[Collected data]
theorem phimap_dmap_commute:
  "phimap x0 A (dmap UNIV A K c) = dmap x0 C K'' (phimap x0 A c)"
proof
  fix \<rho>
  show "phimap x0 A (dmap UNIV A K c) \<rho> = dmap x0 C K'' (phimap x0 A c) \<rho>"
    unfolding phimap_dmap_apply dmap_phimap_apply
    by (intro sum.cong refl) (simp add: dcoef_phicoef_commute)
qed

end

lemma keyA_apply:
  assumes "inj_on x {0..n}" "i \<le> n"
  shows "keyA n x (x i) = i"
  unfolding keyA_def
proof (rule Least_equality)
  fix j assume "j \<le> n \<and> x j = x i"
  then show "i \<le> j" using assms by (auto simp: inj_on_eq_iff)
qed (use assms in simp)

lemma keyA''_apply:
  assumes "i \<in> {1..n}"
  shows "keyA'' n x (x 0 \<inter> x i) \<in> {1..n}" "x 0 \<inter> x (keyA'' n x (x 0 \<inter> x i)) = x 0 \<inter> x i"
  using LeastI[of "\<lambda>j. 1 \<le> j \<and> j \<le> n \<and> x 0 \<inter> x j = x 0 \<inter> x i" i] assms
  unfolding keyA''_def by auto

locale ordered_classes =
  fixes n :: nat and x :: "nat \<Rightarrow> 'v set" and cls :: "nat \<Rightarrow> nat"
  assumes cls_eq_iff: "\<And>a b. a \<in> {1..n} \<Longrightarrow> b \<in> {1..n} \<Longrightarrow>
      cls a = cls b \<longleftrightarrow> x 0 \<inter> x a = x 0 \<inter> x b"
    and cls_less_imp_less: "\<And>a b. a \<in> {1..n} \<Longrightarrow> b \<in> {1..n} \<Longrightarrow> cls a < cls b \<Longrightarrow> a < b"
begin

lemma le_iff_cls_less:
  assumes "a \<in> {1..n}" "b \<in> {1..n}" "x 0 \<inter> x a \<noteq> x 0 \<inter> x b"
  shows "a \<le> b \<longleftrightarrow> cls a < cls b"
proof -
  have "cls a \<noteq> cls b" using cls_eq_iff assms by blast
  then show ?thesis using cls_less_imp_less[OF assms(1,2)] cls_less_imp_less[OF assms(2,1)] by linarith
qed

lemma class_interval:
  assumes "a \<in> {1..n}" "b \<in> {1..n}" "k \<in> {1..n}" "a < k" "k < b" "x 0 \<inter> x a = x 0 \<inter> x b"
  shows "x 0 \<inter> x k = x 0 \<inter> x a"
proof (rule ccontr)
  assume ne: "x 0 \<inter> x k \<noteq> x 0 \<inter> x a"
  then have "cls a < cls k" using le_iff_cls_less[OF assms(1,3)] assms(4) by simp
  moreover have "cls k < cls b" using le_iff_cls_less[OF assms(3,2)] assms(5,6) ne by simp
  ultimately show False using cls_eq_iff[OF assms(1,2)] assms(6) by simp
qed

lemma keyA''_le_iff:
  assumes "a \<in> {1..n}" "b \<in> {1..n}" "x 0 \<inter> x a \<noteq> x 0 \<inter> x b"
  shows "keyA'' n x (x 0 \<inter> x a) \<le> keyA'' n x (x 0 \<inter> x b) \<longleftrightarrow> a \<le> b"
proof -
  note ma = keyA''_apply[OF assms(1), of x] and mb = keyA''_apply[OF assms(2), of x]
  have "cls (keyA'' n x (x 0 \<inter> x a)) = cls a" "cls (keyA'' n x (x 0 \<inter> x b)) = cls b"
    using cls_eq_iff ma mb assms by blast+
  then show ?thesis
    using le_iff_cls_less[OF ma(1) mb(1)] le_iff_cls_less[OF assms] ma(2) mb(2) assms(3) by simp
qed
lemma Vstar_subset_good: "V_star \<subseteq> good"
proof
  fix i assume "i \<in> V_star"
  then show "i \<in> good"
    using good_subset_Vprime Vprime_subset_hatV card_good card_bad_le
    by (intro good_if_adjacent_to_good[of i good]) (auto simp: Vstar_def)
qed

lemma card_missed_by_bad_ge:
  assumes "c \<in> V_hat" "c \<in> bad"
  shows "T - card bad + 1 \<le> card (missed c)"
proof -
  have "card {h \<in> good. adj c h} < N - T"
    using good_if_adjacent_to_good[OF assms(1), of "{h \<in> good. adj c h}"] assms(2)
    unfolding bad_def by fastforce
  moreover have "card (missed c) = card good - card {h \<in> good. adj c h}"
    using finite_good by (subst card_Diff_subset[symmetric]) (auto intro: arg_cong[where f = card])
  ultimately show ?thesis using card_good card_bad_le T_le_N by linarith
qed

definition clique_through :: "nat \<Rightarrow> nat set" where
  "clique_through c = (SOME C. is_clique N N0 y ybar C \<and> N - T \<le> card C \<and> c \<in> C)"

lemma clique_through:
  assumes "c \<in> V'"
  shows "is_clique N N0 y ybar (clique_through c)" "N - T \<le> card (clique_through c)"
    "c \<in> clique_through c"
  using someI_ex[of "\<lambda>C. is_clique N N0 y ybar C \<and> N - T \<le> card C \<and> c \<in> C"] assms
  unfolding clique_through_def Vprime_def by blast+

lemma clique_through_subset_Vprime:
  assumes "c \<in> V'"
  shows "clique_through c \<subseteq> V'"
proof -
  have "clique_through c \<subseteq> V_hat"
    using clique_through(1)[OF assms] unfolding is_clique_def by blast
  then show ?thesis using clique_through[OF assms] unfolding Vprime_def by blast
qed

lemma card_clique_through_split:
  assumes "c \<in> V'"
  shows "card (clique_through c) = card (clique_through c \<inter> bad) + card (clique_through c \<inter> good)"
proof -
  have "clique_through c \<subseteq> {..<N}"
    using clique_through_subset_Vprime[OF assms] Vprime_subset_hatV unfolding hatV_def by blast
  then have "clique_through c = (clique_through c \<inter> bad) \<union> (clique_through c \<inter> good)"
    unfolding bad_def by blast
  moreover have "finite (clique_through c)" using \<open>clique_through c \<subseteq> {..<N}\<close> finite_subset by blast
  then have "card ((clique_through c \<inter> bad) \<union> (clique_through c \<inter> good))
      = card (clique_through c \<inter> bad) + card (clique_through c \<inter> good)"
    by (intro card_Un_disjoint) (auto simp: bad_def)
  ultimately show ?thesis by simp
qed

lemma card_good_outside_clique_le:
  assumes "c \<in> V'"
  shows "card (good - clique_through c) \<le> T - card bad + card (clique_through c \<inter> bad)"
proof -
  have "card (good - clique_through c) = card good - card (clique_through c \<inter> good)"
    using finite_good by (simp add: card_Diff_subset_Int Int_commute)
  then show ?thesis
    using card_clique_through_split[OF assms] clique_through(2)[OF assms] card_good card_bad_le
      T_le_N by linarith
qed

lemma missed_subset_outside_clique:
  assumes "c \<in> V'" "c' \<in> clique_through c \<inter> bad"
  shows "missed c' \<subseteq> good - clique_through c"
proof -
  have clique: "adj i j" if "i \<in> clique_through c" "j \<in> clique_through c" "i \<noteq> j" for i j
    using clique_through(1)[OF assms(1)] that unfolding is_clique_def by simp
  have "c' \<notin> good" using assms(2) unfolding bad_def by simp
  then show ?thesis using clique[of c'] assms(2) by blast
qed
(*
  A homeomorphism of the Kirch space is detected through the ternary relation closure_linked:
  z is linked to x and y if every neighbourhood W of z admits neighbourhoods U of x and V of y
  with cl U \<inter> cl V \<subseteq> cl W. In the Kirch space this relation is arithmetic: at every odd
  prime q dividing x, y or x - y, the point z is divisible by q or congruent to x or to y
  modulo q. For an odd prime p the points linked to p and 2 p are exactly the multiples of p.
  These have empty interior, whereas the points linked to two distinct points x and y form a
  set with nonempty interior unless some odd prime divides both x and y; so a homeomorphism
  permutes the sets of multiples of odd primes. Residue classes modulo p are open and the
  closures of two distinct ones meet only in multiples of p; hence congruence modulo odd
  primes is preserved up to that permutation.
  A homeomorphism therefore preserves the powers of two (no odd prime factor) and the relation
  of differing by a power of two (no odd prime modulus of congruence). A bijection of the
  positive integers with these properties fixes 1, the only power of two with a single
  power-of-two neighbour among the powers of two, then 2, and then each x \<ge> 3, whose image
  must differ from both x - 1 and x - 2 by powers of two.
*)

theory Submission
  imports Defs "HOL-Number_Theory.Cong"
begin

section \<open>Arithmetic progressions and squarefree moduli\<close>

lemma arith_prog_iff_cong: "w \<in> arith_prog x b \<longleftrightarrow> x \<le> w \<and> [w = x] (mod b)"
  by (auto simp: arith_prog_def cong_le_nat algebra_simps)

lemma arith_prog_self: "x \<in> arith_prog x b"
  by (simp add: arith_prog_iff_cong)

lemma arith_prog_subset:
  assumes "w \<in> arith_prog x b" "b' dvd b"
  shows "arith_prog w b \<subseteq> arith_prog x b'"
  using assms by (auto simp: arith_prog_iff_cong) (meson cong_trans cong_dvd_modulus_nat)

lemma arith_prog_mono: "b' dvd b \<Longrightarrow> arith_prog x b \<subseteq> arith_prog x b'"
  by (rule arith_prog_subset[OF arith_prog_self])

lemma coprime_arith_prog:
  assumes "w \<in> arith_prog x b" "coprime x b"
  shows "coprime w b"
  using assms coprime_cong_cong_left by (auto simp: arith_prog_iff_cong)

lemma coprime_prime_not_dvd:
  fixes a b p :: "'a :: normalization_semidom"
  assumes "coprime a b" "prime p" "p dvd b"
  shows "\<not> p dvd a"
  using assms coprime_common_divisor not_prime_unit by blast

§ **Task to complete**
Those lines above that contain the string "rule" should be returned.

§ **Task solution**
proof (rule Least_equality)
proof (rule ccontr)
  by (rule arith_prog_subset[OF arith_prog_self])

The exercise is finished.